541 Bridgeside Point II
450 Technology Dr.
Pittsburgh, PA 15219

Research Description

Noncoding RNA-mediated regulation of transcription  

With the advent of deep sequencing technology, a plethora of noncoding RNAs (ncRNAs) with as yet unknown functions has been discovered. A subset of these ncRNAs is found in the nucleus and thus has been proposed to contribute to transcription regulation. How and which ncRNAs regulate transcription is the overarching question of the Lee lab. 

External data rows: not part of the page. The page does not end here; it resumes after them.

lemma subseq3_map_upt_iff:
  "subseq [x, y, z] (map h [1..<n+1]) \<longleftrightarrow>
     (\<exists>i1 i2 i3. (i1, i2, i3) \<in> S3 n \<and> x = h i1 \<and> y = h i2 \<and> z = h i3)"
  (is "?L \<longleftrightarrow> ?R")
proof
  assume ?L
  then obtain i1 i2 i3 where "1 \<le> i1" "i1 < i2" "i2 < i3" "i3 \<le> n"
    and xyz: "x = h i1" "y = h i2" "z = h i3"
    by (auto simp: subseq_Cons_map_upt_iff Suc_le_eq simp del: upt_Suc)
  then have "(i1, i2, i3) \<in> S3 n" by (simp add: S3_def)
  with xyz show ?R by blast
next
  assume ?R
  then obtain i1 i2 i3 where "1 \<le> i1" "i1 < i2" "i2 < i3" "i3 \<le> n"
    and "x = h i1" "y = h i2" "z = h i3"
    unfolding S3_def by auto
  then show ?L by (auto simp del: upt_Suc intro!: subseq_Cons_map_uptI)
qed

subsection \<open>Codewords of \<open>RS(n,2)\<close>\<close>

definition affine_word :: "(nat \<Rightarrow> 'a::field) \<Rightarrow> nat \<Rightarrow> 'a \<Rightarrow> 'a \<Rightarrow> 'a list" where
  "affine_word \<alpha> n c d = map (\<lambda>i. c * \<alpha> i + d) [1..<n+1]"

lemma length_affine_word [simp]: "length (affine_word \<alpha> n c d) = n"
  by (simp add: affine_word_def)

lemma affine_word_eq_iff:
  "affine_word \<alpha> n c d = affine_word \<alpha> n c' d' \<longleftrightarrow> (\<forall>k\<in>{1..n}. c * \<alpha> k + d = c' * \<alpha> k + d')"
  by (auto simp: affine_word_def simp del: upt_Suc)

lemma subseq3_affine_word_iff:
  "subseq [x, y, z] (affine_word \<alpha> n c d) \<longleftrightarrow>
     (\<exists>i1 i2 i3. (i1, i2, i3) \<in> S3 n \<and>
        x = c * \<alpha> i1 + d \<and> y = c * \<alpha> i2 + d \<and> z = c * \<alpha> i3 + d)"
  unfolding affine_word_def by (rule subseq3_map_upt_iff[where h = "\<lambda>i. c * \<alpha> i + d"])

lemma poly_degree_less_2:
  assumes "degree (f :: 'a::field poly) < 2"
  shows "poly f x = coeff f 1 * x + coeff f 0"
proof -
  have "f = (\<Sum>i\<le>1. monom (coeff f i) i)"
    using assms poly_as_sum_of_monoms'[of f 1] by simp
  then have "poly f x = poly (\<Sum>i\<le>1. monom (coeff f i) i) x" by simp
  then show ?thesis by (simp add: poly_sum poly_monom)
qed

lemma RS_code_2: "RS_code \<alpha> n 2 = range (\<lambda>(c, d). affine_word \<alpha> n c d)"
proof -
  have "affine_word \<alpha> n c d \<in> RS_code \<alpha> n 2" for c d
    unfolding RS_code_def affine_word_def
    by (rule CollectI, rule exI[of _ "[:d, c:]"]) (auto simp: algebra_simps)
  moreover have "map (\<lambda>i. poly f (\<alpha> i)) [1..<n+1] = affine_word \<alpha> n (coeff f 1) (coeff f 0)"
    if "degree f < 2" for f
    using that by (simp add: affine_word_def poly_degree_less_2)
  ultimately show ?thesis unfolding RS_code_def by fastforce
qed

lemma affine_eq_if_agree2:
  fixes p p' c d c' d' :: "'a::field"
  assumes "p \<noteq> p'" "c * p + d = c' * p + d'" "c * p' + d = c' * p' + d'"
  shows "c = c' \<and> d = d'"
proof -
  have "(c * p + d) - (c * p' + d) = (c' * p + d') - (c' * p' + d')" using assms(2,3) by simp
  then have "(c - c') * (p - p') = 0" by (simp add: algebra_simps)
  then have "c = c'" using assms(1) by simp
  then show ?thesis using assms(2) by simp
qed

lemma affine_eq_solve:
  fixes c1 d1 c2 d2 p q :: "'a::field"
  assumes "c2 \<noteq> 0" "c1 * p + d1 = c2 * q + d2"
  shows "c1 / c2 * p + (d1 - d2) / c2 = q"
proof -
  have "c2 * (c1 / c2 * p + (d1 - d2) / c2) = c1 * p + d1 - d2"
    using assms(1) by (simp add: distrib_left)
  also have "\<dots> = c2 * q" using assms(2) by simp
  finally show ?thesis using assms(1) by simp
qed

subsection \<open>Common subsequences of length 3\<close>

lemma affine_triple_if_common_subseq3:
  assumes inj: "inj_on \<alpha> {1..n}"
    and ne: "affine_word \<alpha> n c1 d1 \<noteq> affine_word \<alpha> n c2 d2"
    and sub1: "subseq [x, y, z] (affine_word \<alpha> n c1 d1)"
    and sub2: "subseq [x, y, z] (affine_word \<alpha> n c2 d2)"
  shows "\<exists>i\<in>S3 n. \<exists>j\<in>S3 n. 2 \<le> dH3 i j \<and> (\<exists>a b. a \<noteq> 0 \<and>
           a * \<alpha> (fst i) + b = \<alpha> (fst j) \<and>
           a * \<alpha> (fst (snd i)) + b = \<alpha> (fst (snd j)) \<and>
           a * \<alpha> (snd (snd i)) + b = \<alpha> (snd (snd j)))"
proof -
  obtain i1 i2 i3 where i: "(i1, i2, i3) \<in> S3 n"
    and xi: "x = c1 * \<alpha> i1 + d1" "y = c1 * \<alpha> i2 + d1" "z = c1 * \<alpha> i3 + d1"
    using sub1 by (auto simp: subseq3_affine_word_iff)
  obtain j1 j2 j3 where j: "(j1, j2, j3) \<in> S3 n"
    and xj: "x = c2 * \<alpha> j1 + d2" "y = c2 * \<alpha> j2 + d2" "z = c2 * \<alpha> j3 + d2"
    using sub2 by (auto simp: subseq3_affine_word_iff)
  have \<alpha>i: "\<alpha> i1 \<noteq> \<alpha> i2" "\<alpha> i1 \<noteq> \<alpha> i3" "\<alpha> i2 \<noteq> \<alpha> i3"
    using i inj by (auto simp: S3_def dest: inj_onD)
  have \<alpha>j: "\<alpha> j1 \<noteq> \<alpha> j2"
    using j inj by (auto simp: S3_def dest: inj_onD)
  have distinct: "\<not> (c1 = c2 \<and> d1 = d2)" using ne by auto
  have "c1 \<noteq> 0"
    using affine_eq_if_agree2[OF \<alpha>j, of c2 d2 0 d1] xi xj distinct by auto
  have "c2 \<noteq> 0"
    using affine_eq_if_agree2[OF \<alpha>i(1), of c1 d1 0 d2] xi xj distinct by auto
  define a where "a = c1 / c2"
  define b where "b = (d1 - d2) / c2"
  have ab: "a * \<alpha> k + b = \<alpha> l" if "c1 * \<alpha> k + d1 = c2 * \<alpha> l + d2" for k l
    using affine_eq_solve[OF \<open>c2 \<noteq> 0\<close> that] by (simp add: a_def b_def)
  have "2 \<le> dH3 (i1, i2, i3) (j1, j2, j3)"
  proof (rule ccontr)
    assume "\<not> ?thesis"
    then have "(i1 = j1 \<and> i2 = j2) \<or> (i1 = j1 \<and> i3 = j3) \<or> (i2 = j2 \<and> i3 = j3)"
      by (simp add: dH3_def split: if_splits)
    then show False
      using affine_eq_if_agree2[OF \<alpha>i(1)] affine_eq_if_agree2[OF \<alpha>i(2)]
        affine_eq_if_agree2[OF \<alpha>i(3)] xi xj distinct by metis
  qed
  moreover have "a \<noteq> 0" using \<open>c1 \<noteq> 0\<close> \<open>c2 \<noteq> 0\<close> by (simp add: a_def)
  moreover have "a * \<alpha> i1 + b = \<alpha> j1" "a * \<alpha> i2 + b = \<alpha> j2" "a * \<alpha> i3 + b = \<alpha> j3"
    using ab xi xj by simp_all
  ultimately show ?thesis using i j by fastforce
qed

lemma common_subseq3_if_affine_triple:
  assumes inj: "inj_on \<alpha> {1..n}"
    and i: "(i1, i2, i3) \<in> S3 n" and j: "(j1, j2, j3) \<in> S3 n"
    and dH: "2 \<le> dH3 (i1, i2, i3) (j1, j2, j3)"
    and ab: "a * \<alpha> i1 + b = \<alpha> j1" "a * \<alpha> i2 + b = \<alpha> j2" "a * \<alpha> i3 + b = \<alpha> j3"
  shows "affine_word \<alpha> n a b \<noteq> affine_word \<alpha> n 1 0 \<and>
    subseq [\<alpha> j1, \<alpha> j2, \<alpha> j3] (affine_word \<alpha> n a b) \<and>
    subseq [\<alpha> j1, \<alpha> j2, \<alpha> j3] (affine_word \<alpha> n 1 0)"
proof (intro conjI)
  show "affine_word \<alpha> n a b \<noteq> affine_word \<alpha> n 1 0"
  proof
    assume "affine_word \<alpha> n a b = affine_word \<alpha> n 1 0"
    then have "\<alpha> i1 = \<alpha> j1" "\<alpha> i2 = \<alpha> j2" "\<alpha> i3 = \<alpha> j3"
      using i ab by (auto simp: affine_word_eq_iff S3_def)
    then have "i1 = j1" "i2 = j2" "i3 = j3"
      using i j inj by (auto simp: S3_def dest: inj_onD)
    then show False using dH by (simp add: dH3_def)
  qed
qed (use i j ab in \<open>force simp: subseq3_affine_word_iff\<close>)+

Epstein-Barr virus (EBV) is an oncogenic gamma-herpesvirus with a prevalence of over 90% in the human population. It is best known as the causative agent of mononucleosis, but is also associated with several types of cancers, such as lymphomas and carcinomas. EBV expresses two highly abundant nuclear ncRNAs called EBER1 (EBV-encoded RNA 1) and EBER2. The function of EBER1 is poorly understood, while EBER2 has recently been shown to facilitate the recruitment of an interacting transcription factor, PAX5, to the viral genome. Intriguingly, the recruitment mechanism entails RNA-RNA base pairing between EBER2 and nascent transcripts that originate from the target site. Upon recruitment, the EBER2-PAX5 ribonucleoprotein complex affects the transcription of nearby genes, probably by influencing the chromatin conformation of this region of the viral genome.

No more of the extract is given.